(* In the setting below, the rank of the free abelian group $\bar A_{\mathfrak{ab}}/\bar\rho_{\mathfrak{ab}}(\bar G_{\mathfrak{ab}})$ is $\sum_{i=1}^m|S_i|-n-m+c$, where $c$ is the number of connected components of the graph $\Lambda_{\mathcal X}$.
   Context: Let $G$ be a group generated by $a_1,\dots,a_n$ with $z=a_1\cdots a_n$ central. Let $\mathcal X=\{S_1,\dots,S_m\}$ with $S_i\subseteq\{1,\dots,n\}$ and $|S_i\cap S_r|\le1$ for $i\neq r$. For $S\subseteq\{1,\dots,n\}$ let $G_S$ be the quotient of $G$ by the normal closure of $\{a_j:j\notin S\}$; let $a_{ij}$ be the image of $a_j$ in $G_{S_i}$ and $z_i=a_{i1}\cdots a_{in}$ (central in $G_{S_i}$). Let $\bar G=G/\langle z\rangle$, $\bar G_{S_i}=G_{S_i}/\langle z_i\rangle$, and assume each $\bar G_{S_i}$ is free of rank $|S_i|-1$, the images of any $|S_i|-1$ of the $a_{ij}$, $j\in S_i$, forming a free basis. Let $A=\prod_iG_{S_i}$, $\bar A=\prod_i\bar G_{S_i}$, $\rho\colon G\to A$ the product of projections and $\bar\rho\colon\bar G\to\bar A$ the induced map. Assume $G_{\mathfrak{ab}}$ and $A_{\mathfrak{ab}}$ are free abelian with bases the images of $a_1,\dots,a_n$ and of $a_{ij}$ ($1\le i\le m$, $j\in S_i$) respectively; $\mathfrak{ab}$ denotes abelianization. $\Lambda_{\mathcal X}$ is the bipartite graph with vertex set $\{S_1,\dots,S_m\}\sqcup\{1,\dots,n\}$ and an edge $\{S_i,j\}$ for each $j\in S_i$. *)

theory Defs
  imports "HOL-Algebra.Algebra"
begin

definition normal_closure :: "('a, 'b) monoid_scheme \<Rightarrow> 'a set \<Rightarrow> 'a set" where
  "normal_closure G Y =
     generate G {g \<otimes>\<^bsub>G\<^esub> x \<otimes>\<^bsub>G\<^esub> inv\<^bsub>G\<^esub> g | g x. g \<in> carrier G \<and> x \<in> Y}"

definition abelianization :: "('a, 'b) monoid_scheme \<Rightarrow> 'a set monoid" where
  "abelianization G = G Mod (derived G (carrier G))"

definition free_abelian_basis :: "('a, 'b) monoid_scheme \<Rightarrow> 'i set \<Rightarrow> ('i \<Rightarrow> 'a) \<Rightarrow> bool" where
  "free_abelian_basis H J b \<longleftrightarrow>
     comm_group H \<and> finite J \<and> b \<in> J \<rightarrow> carrier H \<and>
     bij_betw (\<lambda>k. finprod H (\<lambda>j. b j [^]\<^bsub>H\<^esub> (k j :: int)) J)
              (J \<rightarrow>\<^sub>E (UNIV :: int set)) (carrier H)"

definition word_eval :: "('a, 'b) monoid_scheme \<Rightarrow> ('i \<Rightarrow> 'a) \<Rightarrow> ('i \<times> bool) list \<Rightarrow> 'a" where
  "word_eval H b w =
     foldr (\<lambda>(j, s) acc. (if s then b j else inv\<^bsub>H\<^esub> (b j)) \<otimes>\<^bsub>H\<^esub> acc) w \<one>\<^bsub>H\<^esub>"

definition reduced_word :: "('i \<times> bool) list \<Rightarrow> bool" where
  "reduced_word w \<longleftrightarrow>
     (\<forall>k. Suc k < length w \<longrightarrow>
        \<not> (fst (w ! k) = fst (w ! Suc k) \<and> snd (w ! k) \<noteq> snd (w ! Suc k)))"

definition free_basis :: "('a, 'b) monoid_scheme \<Rightarrow> 'i set \<Rightarrow> ('i \<Rightarrow> 'a) \<Rightarrow> bool" where
  "free_basis H J b \<longleftrightarrow>
     group H \<and> b \<in> J \<rightarrow> carrier H \<and> inj_on b J \<and> generate H (b ` J) = carrier H \<and>
     (\<forall>w. w \<noteq> [] \<and> set (map fst w) \<subseteq> J \<and> reduced_word w \<longrightarrow> word_eval H b w \<noteq> \<one>\<^bsub>H\<^esub>)"

definition free_of_rank :: "('a, 'b) monoid_scheme \<Rightarrow> nat \<Rightarrow> bool" where
  "free_of_rank H r \<longleftrightarrow> (\<exists>B. finite B \<and> card B = r \<and> free_basis H B id)"

definition prod_gens :: "('a, 'b) monoid_scheme \<Rightarrow> (nat \<Rightarrow> 'a) \<Rightarrow> nat \<Rightarrow> 'a" where
  "prod_gens G a n = foldr (\<otimes>\<^bsub>G\<^esub>) (map a [1..<Suc n]) \<one>\<^bsub>G\<^esub>"

definition kerS :: "('a, 'b) monoid_scheme \<Rightarrow> (nat \<Rightarrow> 'a) \<Rightarrow> nat \<Rightarrow> nat set \<Rightarrow> 'a set" where
  "kerS G a n S = normal_closure G (a ` ({1..n} - S))"

definition GS :: "('a, 'b) monoid_scheme \<Rightarrow> (nat \<Rightarrow> 'a) \<Rightarrow> nat \<Rightarrow> nat set \<Rightarrow> 'a set monoid" where
  "GS G a n S = G Mod (kerS G a n S)"

definition aS :: "('a, 'b) monoid_scheme \<Rightarrow> (nat \<Rightarrow> 'a) \<Rightarrow> nat \<Rightarrow> nat set \<Rightarrow> nat \<Rightarrow> 'a set" where
  "aS G a n S j = kerS G a n S #>\<^bsub>G\<^esub> a j"

definition zS :: "('a, 'b) monoid_scheme \<Rightarrow> (nat \<Rightarrow> 'a) \<Rightarrow> nat \<Rightarrow> nat set \<Rightarrow> 'a set" where
  "zS G a n S = prod_gens (GS G a n S) (aS G a n S) n"

definition Gbar :: "('a, 'b) monoid_scheme \<Rightarrow> (nat \<Rightarrow> 'a) \<Rightarrow> nat \<Rightarrow> 'a set monoid" where
  "Gbar G a n = G Mod (generate G {prod_gens G a n})"

definition GbarS :: "('a, 'b) monoid_scheme \<Rightarrow> (nat \<Rightarrow> 'a) \<Rightarrow> nat \<Rightarrow> nat set \<Rightarrow> 'a set set monoid" where
  "GbarS G a n S = GS G a n S Mod (generate (GS G a n S) {zS G a n S})"

definition abarS :: "('a, 'b) monoid_scheme \<Rightarrow> (nat \<Rightarrow> 'a) \<Rightarrow> nat \<Rightarrow> nat set \<Rightarrow> nat \<Rightarrow> 'a set set" where
  "abarS G a n S j = generate (GS G a n S) {zS G a n S} #>\<^bsub>GS G a n S\<^esub> aS G a n S j"

definition Aprod :: "('a, 'b) monoid_scheme \<Rightarrow> (nat \<Rightarrow> 'a) \<Rightarrow> nat \<Rightarrow> nat \<Rightarrow> (nat \<Rightarrow> nat set)
    \<Rightarrow> (nat \<Rightarrow> 'a set) monoid" where
  "Aprod G a n m S = product_group {1..m} (\<lambda>i. GS G a n (S i))"

definition Abar :: "('a, 'b) monoid_scheme \<Rightarrow> (nat \<Rightarrow> 'a) \<Rightarrow> nat \<Rightarrow> nat \<Rightarrow> (nat \<Rightarrow> nat set)
    \<Rightarrow> (nat \<Rightarrow> 'a set set) monoid" where
  "Abar G a n m S = product_group {1..m} (\<lambda>i. GbarS G a n (S i))"

definition aA :: "('a, 'b) monoid_scheme \<Rightarrow> (nat \<Rightarrow> 'a) \<Rightarrow> nat \<Rightarrow> nat \<Rightarrow> (nat \<Rightarrow> nat set)
    \<Rightarrow> nat \<times> nat \<Rightarrow> nat \<Rightarrow> 'a set" where
  "aA G a n m S ij = (\<lambda>i'\<in>{1..m}. if i' = fst ij then aS G a n (S i') (snd ij)
                                   else \<one>\<^bsub>GS G a n (S i')\<^esub>)"

definition rho_bar :: "('a, 'b) monoid_scheme \<Rightarrow> (nat \<Rightarrow> 'a) \<Rightarrow> nat \<Rightarrow> nat \<Rightarrow> (nat \<Rightarrow> nat set)
    \<Rightarrow> 'a set \<Rightarrow> nat \<Rightarrow> 'a set set" where
  "rho_bar G a n m S C =
     (\<lambda>i\<in>{1..m}. generate (GS G a n (S i)) {zS G a n (S i)}
                   #>\<^bsub>GS G a n (S i)\<^esub> (kerS G a n (S i) #>\<^bsub>G\<^esub> (SOME g. g \<in> C)))"
(* There is a universal constant $C$ such that the following holds. Let $R>0$, $K>1$, $\Omega:=B(0,R)\setminus B(0,R/K)\subset\mathbb{R}^2$, and let $f\in L^\infty(\mathbb{R}^2)$ with $\operatorname{supp} f\subset\Omega$. Then for all $x,y\in\Omega$ with $x\ne y$, $$|v_r[f](x)-v_r[f](y)|+|v_\alpha[f](x)-v_\alpha[f](y)|\le CK\|f\|_{L^\infty}|x-y|\Big(1+\log\frac{R}{|x-y|}\Big).$$
   Context: For a vorticity $f$, $v[f](x)=\frac{1}{2\pi}\int_{\mathbb{R}^2}\frac{(x-y)^\perp}{|x-y|^2}f(y)\,dy$ with $(x_1,x_2)^\perp=(-x_2,x_1)$. The radial and angular components of the velocity at $x\neq0$ are $v_r[f](x)=\hat x\cdot v[f](x)$ and $v_\alpha[f](x)=\hat x^\perp\cdot v[f](x)$, where $\hat x=x/|x|$. *)

theory Defs
  imports "HOL-Analysis.Analysis" "HOL-Probability.Essential_Supremum"
begin

text \<open>The plane R^2 is modelled by the type complex (a 2-dimensional real
inner product space with Lebesgue measure lborel). The perpendicular
(x1,x2)^perp = (-x2,x1) is multiplication by the imaginary unit.\<close>

definition perp :: "complex \<Rightarrow> complex" where
  "perp z = \<i> * z"

definition velocity :: "(complex \<Rightarrow> real) \<Rightarrow> complex \<Rightarrow> complex" where
  "velocity f x = (1 / (2 * pi)) *\<^sub>R
     (\<integral> y. (f y / (cmod (x - y))\<^sup>2) *\<^sub>R perp (x - y) \<partial>lborel)"

definition v_r :: "(complex \<Rightarrow> real) \<Rightarrow> complex \<Rightarrow> real" where
  "v_r f x = inner (x /\<^sub>R norm x) (velocity f x)"

definition v_alpha :: "(complex \<Rightarrow> real) \<Rightarrow> complex \<Rightarrow> real" where
  "v_alpha f x = inner (perp (x /\<^sub>R norm x)) (velocity f x)"

definition Linfty :: "(complex \<Rightarrow> real) set" where
  "Linfty = {f. f \<in> borel_measurable lborel \<and>
                 esssup lborel (\<lambda>y. ereal \<bar>f y\<bar>) < \<infinity>}"

definition Linfty_norm :: "(complex \<Rightarrow> real) \<Rightarrow> real" where
  "Linfty_norm f = real_of_ereal (esssup lborel (\<lambda>y. ereal \<bar>f y\<bar>))"

end

theory Submission
  imports Defs
begin

text \<open>
  With the kernel \<open>K w = perp w / |w|\<^sup>2 = \<i> / cnj w\<close> the velocity is \<open>(2 pi)\<^sup>-\<^sup>1 (K * f)\<close>, and
  \<open>|K w| = 1 / |w|\<close>. For \<open>|f| \<le> M\<close> supported in \<open>B(0, R)\<close> this gives \<open>|v| \<le> 4 M R\<close>.
  For \<open>d = |x - y|\<close>, the difference \<open>K(x - z) - K(y - z)\<close> is integrated separately near
  the two singularities, contributing \<open>O(d)\<close>, and on \<open>2d < |x - z| < 2R\<close>, where it is
  at most \<open>2d / |x - z|\<^sup>2\<close>; summing over dyadic shells the latter contributes
  \<open>O(d log (R / d))\<close>. The polar components additionally see the variation of the frame
  \<open>x / |x|\<close>, which is Lipschitz with constant \<open>2 / |x| \<le> 2K / R\<close> on the annulus; against
  \<open>|v| \<le> 4 M R\<close> this costs \<open>8 K M d\<close>, the source of the factor \<open>K\<close>.
\<close>

lemma exists_pow2_bracket:
  fixes s :: real assumes "s \<ge> 1"
  shows "\<exists>k::nat. 2 ^ k \<le> s \<and> s < 2 ^ (k + 1)"
proof -
  have "\<lfloor>log 2 s\<rfloor> \<ge> 0" using assms by simp
  then obtain k :: nat where k: "\<lfloor>log 2 s\<rfloor> = int k" using nonneg_int_cases by blast
  then have "2 powr real k \<le> s \<and> s < 2 powr (real k + 1)"
    using assms floor_log_eq_powr_iff[of s 2 "int k"] by simp
  then show ?thesis by (auto simp: powr_realpow[symmetric] powr_add)
qed

lemma one_plus_ln_ge_quarter:
  fixes t :: real assumes "t > 1 / 2"
  shows "1 + ln t \<ge> 1 / 4"
proof -
  have "ln (1 / 2) < ln t" using assms by simp
  then show ?thesis using ln2_le_25_over_36 by (simp add: ln_div)
qed

lemma exists_pow2_ge_ln_bound:
  fixes t :: real assumes t: "t > 1 / 2"
  shows "\<exists>N::nat. t \<le> 2 ^ N \<and> real N \<le> 2 * (1 + ln t)"
proof (cases "t \<le> 1")
  case True
  then show ?thesis using one_plus_ln_ge_quarter[OF t] by (intro exI[of _ 0]) auto
next
  case False
  define N where "N = nat \<lceil>log 2 t\<rceil>"
  have "log 2 t > 0" using False by simp
  then have N: "log 2 t \<le> real N" "real N \<le> log 2 t + 1"
    unfolding N_def by linarith+
  have "t = 2 powr log 2 t" using t by simp
  also have "\<dots> \<le> 2 ^ N" using N(1) by (simp add: powr_realpow[symmetric])
  finally have "t \<le> 2 ^ N" .
  moreover have "log 2 t \<le> 3 / 2 * ln t"
    using ln2_ge_two_thirds \<open>log 2 t > 0\<close> by (simp add: log_def field_simps)
  ultimately show ?thesis using N(2) False by (intro exI[of _ N]) auto
qed

lemma ball_in_borel [measurable]: "ball c r \<in> sets borel"
  and cball_in_borel [measurable]: "cball c r \<in> sets borel"
  by (simp_all add: borel_open borel_closed)

lemma emeasure_lborel_ball_complex:
  fixes c :: complex assumes "r \<ge> 0"
  shows "emeasure lborel (ball c r) = ennreal (pi * r\<^sup>2)"
  using emeasure_ball[OF assms, of c] by (simp add: unit_ball_vol_2)

lemma emeasure_lborel_cball_complex:
  fixes c :: complex assumes "r \<ge> 0"
  shows "emeasure lborel (cball c r) = ennreal (pi * r\<^sup>2)"
  using emeasure_cball[OF assms, of c] by (simp add: unit_ball_vol_2)

lemma nn_integral_inverse_dist_ball_le:
  fixes c :: complex assumes r: "r > 0"
  shows "(\<integral>\<^sup>+z. ennreal (indicator (ball c r) z / cmod (c - z)) \<partial>lborel)
    \<le> ennreal (4 * pi * r)"
proof -
  define g where "g k z = ennreal (2 ^ (k + 1) / r) * indicator (cball c (r / 2 ^ k)) z"
    for k :: nat and z :: complex
  have majorant: "ennreal (indicator (ball c r) z / cmod (c - z)) \<le> (\<Sum>k. g k z)" for z
  proof (cases "z \<in> ball c r \<and> z \<noteq> c")
    case True
    define t where "t = cmod (c - z)"
    have t: "0 < t" "t < r" using True by (auto simp: t_def dist_norm)
    then obtain k :: nat where k: "2 ^ k \<le> r / t" "r / t < 2 ^ (k + 1)"
      using exists_pow2_bracket[of "r / t"] by auto
    have "z \<in> cball c (r / 2 ^ k)" "1 / t \<le> 2 ^ (k + 1) / r"
      using k t by (simp_all add: dist_norm t_def field_simps)
    then have "ennreal (indicator (ball c r) z / cmod (c - z)) \<le> g k z"
      using True by (simp add: g_def t_def indicator_def ennreal_leI)
    also have "\<dots> \<le> (\<Sum>k. g k z)"
      using sum_le_suminf[of "\<lambda>k. g k z" "{k}"] by (auto intro: summableI)
    finally show ?thesis .
  qed (auto simp: indicator_def)
  have "(\<integral>\<^sup>+z. ennreal (indicator (ball c r) z / cmod (c - z)) \<partial>lborel)
      \<le> (\<integral>\<^sup>+z. (\<Sum>k. g k z) \<partial>lborel)"
    by (intro nn_integral_mono majorant)
  also have "\<dots> = (\<Sum>k. integral\<^sup>N lborel (g k))"
    unfolding g_def by (rule nn_integral_suminf) measurable
  also have "\<dots> = (\<Sum>k. ennreal (2 * pi * r * (1 / 2) ^ k))"
  proof (rule suminf_cong)
    fix k :: nat
    have "2 ^ (k + 1) / r * (pi * (r / 2 ^ k)\<^sup>2) = 2 * pi * r * (1 / 2) ^ k"
      using r by (simp add: field_simps power2_eq_square power_divide)
    then show "integral\<^sup>N lborel (g k) = ennreal (2 * pi * r * (1 / 2) ^ k)"
      using r unfolding g_def
      by (simp add: nn_integral_cmult_indicator emeasure_lborel_cball_complex ennreal_mult[symmetric])
  qed
  also have "\<dots> = ennreal (\<Sum>k. 2 * pi * r * (1 / 2) ^ k)"
    using r by (intro suminf_ennreal2) (auto intro: summable_mult summable_geometric)
  also have "(\<Sum>k. 2 * pi * r * (1 / 2 :: real) ^ k) = 4 * pi * r"
    by (subst suminf_mult) (auto simp: suminf_geometric summable_geometric)
  finally show ?thesis .
qed

lemma nn_integral_inverse_dist_sq_annulus_le:
  fixes c :: complex assumes a: "a > 0" and b: "b \<le> a * 2 ^ N"
  shows "(\<integral>\<^sup>+z. ennreal (indicator (ball c b - ball c a) z / (cmod (c - z))\<^sup>2) \<partial>lborel)
    \<le> ennreal (4 * pi * N)"
proof -
  define g where "g k z = ennreal (1 / (a * 2 ^ k)\<^sup>2) * indicator (ball c (a * 2 ^ (k + 1))) z"
    for k :: nat and z :: complex
  have majorant: "ennreal (indicator (ball c b - ball c a) z / (cmod (c - z))\<^sup>2) \<le> (\<Sum>k<N. g k z)"
    for z
  proof (cases "z \<in> ball c b - ball c a")
    case True
    define t where "t = cmod (c - z)"
    have t: "a \<le> t" "t < b" using True by (auto simp: t_def dist_norm)
    then obtain k :: nat where k: "2 ^ k \<le> t / a" "t / a < 2 ^ (k + 1)"
      using a exists_pow2_bracket[of "t / a"] by auto
    have zin: "z \<in> ball c (a * 2 ^ (k + 1))" and ak: "a * 2 ^ k \<le> t"
      using k a by (simp_all add: dist_norm t_def field_simps)
    have "t / a < 2 ^ N" using t a b by (simp add: field_simps)
    then have "(2 :: real) ^ k < 2 ^ N" using k(1) by linarith
    then have "k < N" by (rule power_less_imp_less_exp[rotated]) simp
    have "1 / t\<^sup>2 \<le> 1 / (a * 2 ^ k)\<^sup>2"
      using ak a t(1) by (intro divide_left_mono power_mono mult_pos_pos zero_less_power) auto
    then have "ennreal (indicator (ball c b - ball c a) z / (cmod (c - z))\<^sup>2) \<le> g k z"
      using True zin by (simp add: g_def t_def indicator_def ennreal_leI)
    also have "\<dots> \<le> (\<Sum>k<N. g k z)" using \<open>k < N\<close> by (intro member_le_sum) auto
    finally show ?thesis .
  qed (auto simp: indicator_def)
  have "(\<integral>\<^sup>+z. ennreal (indicator (ball c b - ball c a) z / (cmod (c - z))\<^sup>2) \<partial>lborel)
      \<le> (\<integral>\<^sup>+z. (\<Sum>k<N. g k z) \<partial>lborel)"
    by (intro nn_integral_mono majorant)
  also have "\<dots> = (\<Sum>k<N. integral\<^sup>N lborel (g k))"
    unfolding g_def by (rule nn_integral_sum) measurable
  also have "\<dots> = (\<Sum>k<N. ennreal (4 * pi))"
  proof (rule sum.cong)
    fix k :: nat
    have "1 / (a * 2 ^ k)\<^sup>2 * (pi * (a * 2 ^ (k + 1))\<^sup>2) = 4 * pi"
      using a by (simp add: field_simps power2_eq_square)
    then show "integral\<^sup>N lborel (g k) = ennreal (4 * pi)"
      using a unfolding g_def
      by (simp add: nn_integral_cmult_indicator emeasure_lborel_ball_complex ennreal_mult[symmetric])
  qed simp
  also have "\<dots> = ennreal (4 * pi * N)"
    by (simp add: ennreal_of_nat_eq_real_of_nat[symmetric] ennreal_mult' mult.commute)
  finally show ?thesis .
qed
(* Fix $N>0$ (packet size in bits), $\epsilon\in(0,1)$ (block error probability) and a minimum blocklength $\hat m>0$. For $m>0$ and $\gamma>0$ let $$F(m,\gamma)=\sqrt{\frac{1}{m}\left(1-\frac{1}{(\gamma+1)^2}\right)}\,\frac{Q^{-1}(\epsilon)}{\ln 2}-\log_2(1+\gamma)+\frac{N}{m},$$ and let $\Gamma(m)$ denote the implicit function defined by $F(m,\Gamma(m))=0$, $\Gamma(m)>0$. If $$\frac{Q^{-1}(\epsilon)}{\sqrt{N}}\le \frac{2\sqrt{\ln 2}}{4-\sqrt{2}}=0.64394\ldots,$$ then the function $m\mapsto m\,\Gamma(m)$ is strictly decreasing on $\{m: m\ge \hat m\}$.
   Context: $Q^{-1}(\cdot)$ is the inverse of the Gaussian Q-function $Q(t)=\frac{1}{\sqrt{2\pi}}\int_t^\infty e^{-u^2/2}\,du$. The equation $F(m,\gamma)=0$ is the finite-blocklength achievable-rate relation $\frac{N}{m}=\log_2(1+\gamma)-\sqrt{\frac1m\big(1-\frac{1}{(1+\gamma)^2}\big)}\frac{Q^{-1}(\epsilon)}{\ln 2}$ for blocklength $m$ and SINR $\gamma$; $\Gamma(m)$ is the SINR required to send $N$ bits in $m$ channel uses with error probability $\epsilon$, and $m\Gamma(m)$ is (proportional to) the corresponding energy. *)

theory Defs
  imports "HOL-Analysis.Analysis"
begin

definition gaussQ :: "real \<Rightarrow> real" where
  "gaussQ t = (1 / sqrt (2 * pi)) * integral {t..} (\<lambda>u. exp (- (u\<^sup>2) / 2))"

text \<open>Inverse of the Q-function (Q is a strictly decreasing bijection from the reals onto (0,1)).\<close>
definition gaussQinv :: "real \<Rightarrow> real" where
  "gaussQinv e = (THE t. gaussQ t = e)"

definition Ffb :: "nat \<Rightarrow> real \<Rightarrow> real \<Rightarrow> real \<Rightarrow> real" where
  "Ffb N eps m \<gamma> =
     sqrt ((1 / m) * (1 - 1 / (\<gamma> + 1)\<^sup>2)) * gaussQinv eps / ln 2
     - log 2 (1 + \<gamma>) + real N / m"

end

theory Submission
  imports Defs
begin
text \<open>The counts \<open>block_count\<close> and the number of cross inversions are constant on a double coset;
  every other inversion of a permutation in the coset is one inside a block row or block
  column, and only the Zelevinsky permutation has none of those.\<close>

lemma zel_cond_dcoset_min:
  assumes sol: "zel_cond rs cs b u" and w: "w \<in> dcoset rs cs u" and ne: "w \<noteq> u"
  shows "perm_length d u < perm_length d w"
proof -
  obtain s t where wst: "w = t \<circ> u \<circ> s" and s: "block_preserving rs s" and t: "block_preserving cs t"
    using w unfolding dcoset_def by blast
  have pu: "u permutes {..<d}" by (rule zel_cond_permutes[OF sol])
  have ps: "s permutes {..<d}" and pt: "t permutes {..<d}"
    using s t sum_list_eq unfolding block_preserving_def by simp_all
  have pw: "w permutes {..<d}" unfolding wst by (intro permutes_compose ps pt pu)
  have uw: "u = Hilbert_Choice.inv t \<circ> w \<circ> Hilbert_Choice.inv s"
    unfolding wst using permutes_inverses[OF ps] permutes_inverses[OF pt] by (simp add: fun_eq_iff)
  note s' = block_preserving_inv[OF s] and t' = block_preserving_inv[OF t]
  have counts: "block_count w I J = block_count u I J" for I J
    using block_count_le[OF pu s t, folded wst, of I J] block_count_le[OF pw s' t', folded uw, of I J]
    by simp
  have cross: "card (cross_inversions w) = card (cross_inversions u)"
    using card_cross_inversions_le[OF pu s t, folded wst] card_cross_inversions_le[OF pw s' t', folded uw]
    by simp
  let ?inv = "\<lambda>v. {(i,j). i < j \<and> j < d \<and> v j < v i}"
  have "\<not> ?inv w \<subseteq> cross_inversions w"
  proof
    assume "?inv w \<subseteq> cross_inversions w"
    hence "zel_cond rs cs b w"
      using zel_condI_cross_inversions[OF pw] counts zel_cond_block_count[OF sol] by simp
    thus False using zel_cond_unique[OF sol] zel_cond_unique[of w] ne by simp
  qed
  moreover have "cross_inversions w \<subseteq> ?inv w" unfolding cross_inversions_def by auto
  ultimately have "cross_inversions w \<subset> ?inv w" by blast
  moreover have "finite (?inv w)" by (rule finite_subset[of _ "{..<d} \<times> {..<d}"]) auto
  ultimately have "card (cross_inversions w) < card (?inv w)" by (rule psubset_card_mono[rotated])
  thus ?thesis using cross zel_cond_cross_inversions[OF sol] unfolding perm_length_def by simp
qed

end

section \<open>The matrix \<open>\<zeta>(V)\<close>\<close>

lemma sum_list_map_dy: "sum_list (map dy [0..<n+1]) = dY n dy"
proof -
  have "sum_list (map dy [0..<n+1]) = sum dy {0..<n+1}" using sum_set_upt_conv_sum_list_nat[of dy 0 "n+1"] by simp
  also have "{0..<n+1} = {..n}" by auto
  finally show ?thesis unfolding dY_def .
qed

lemma sum_list_map_dx: "sum_list (map dx (rev [1..<n+1])) = dX n dx"
proof -
  have "sum_list (map dx (rev [1..<n+1])) = sum_list (map dx [1..<n+1])"
    by (simp add: rev_map[symmetric] sum_list_rev)
  also have "\<dots> = sum dx {1..<n+1}" using sum_set_upt_conv_sum_list_nat[of dx 1 "n+1", unfolded set_upt] by (rule sym)
  also have "{1..<n+1} = {1..n}" by auto
  finally show ?thesis unfolding dX_def .
qed

lemma length_rowsz: "length (rowsz n dy dx) = 2*n+1" by (simp add: rowsz_def)
lemma length_colsz: "length (colsz n dy dx) = 2*n+1" by (simp add: colsz_def)

lemma sum_list_rowsz: "sum_list (rowsz n dy dx) = dY n dy + dX n dx"
  unfolding rowsz_def using sum_list_map_dy[of dy n] sum_list_map_dx[of dx n] by simp

lemma sum_list_colsz: "sum_list (colsz n dy dx) = dX n dx + dY n dy"
  unfolding colsz_def using sum_list_map_dy[of dy n] sum_list_map_dx[of dx n] by simp

lemma zeta_identity_frame: "identity_frame (zeta n dy dx Va Vb) (dY n dy) (dX n dx)"
proof -
  have "dim_row (MQ n dy dx Va Vb) = dY n dy" "dim_col (MQ n dy dx Va Vb) = dX n dx"
    unfolding MQ_def blkmat_def Let_def using sum_list_map_dy[of dy n] sum_list_map_dx[of dx n] by simp_all
  thus ?thesis unfolding identity_frame_def zeta_def by auto
qed

definition zeta_of :: "'a::field itself \<Rightarrow> nat \<Rightarrow> (nat \<Rightarrow> nat) \<Rightarrow> (nat \<Rightarrow> nat)
    \<Rightarrow> (nat \<Rightarrow> nat \<Rightarrow> nat) \<Rightarrow> 'a mat" where
  "zeta_of K n dy dx r =
     (let V = (SOME V. V \<in> (orbit n dy dx r :: ((nat \<Rightarrow> 'a mat) \<times> (nat \<Rightarrow> 'a mat)) set))
      in zeta n dy dx (fst V) (snd V))"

# PROBLEM TO SOLVE:
Scan the material above for lines that contain the string "True", and copy each such line.

# RESPONSE AREA:
  case True
    case True
    have t: "0 < t" "t < r" using True by (auto simp: t_def dist_norm)
      using True by (simp add: g_def t_def indicator_def ennreal_leI)
    case True
    have t: "a \<le> t" "t < b" using True by (auto simp: t_def dist_norm)
      using True zin by (simp add: g_def t_def indicator_def ennreal_leI)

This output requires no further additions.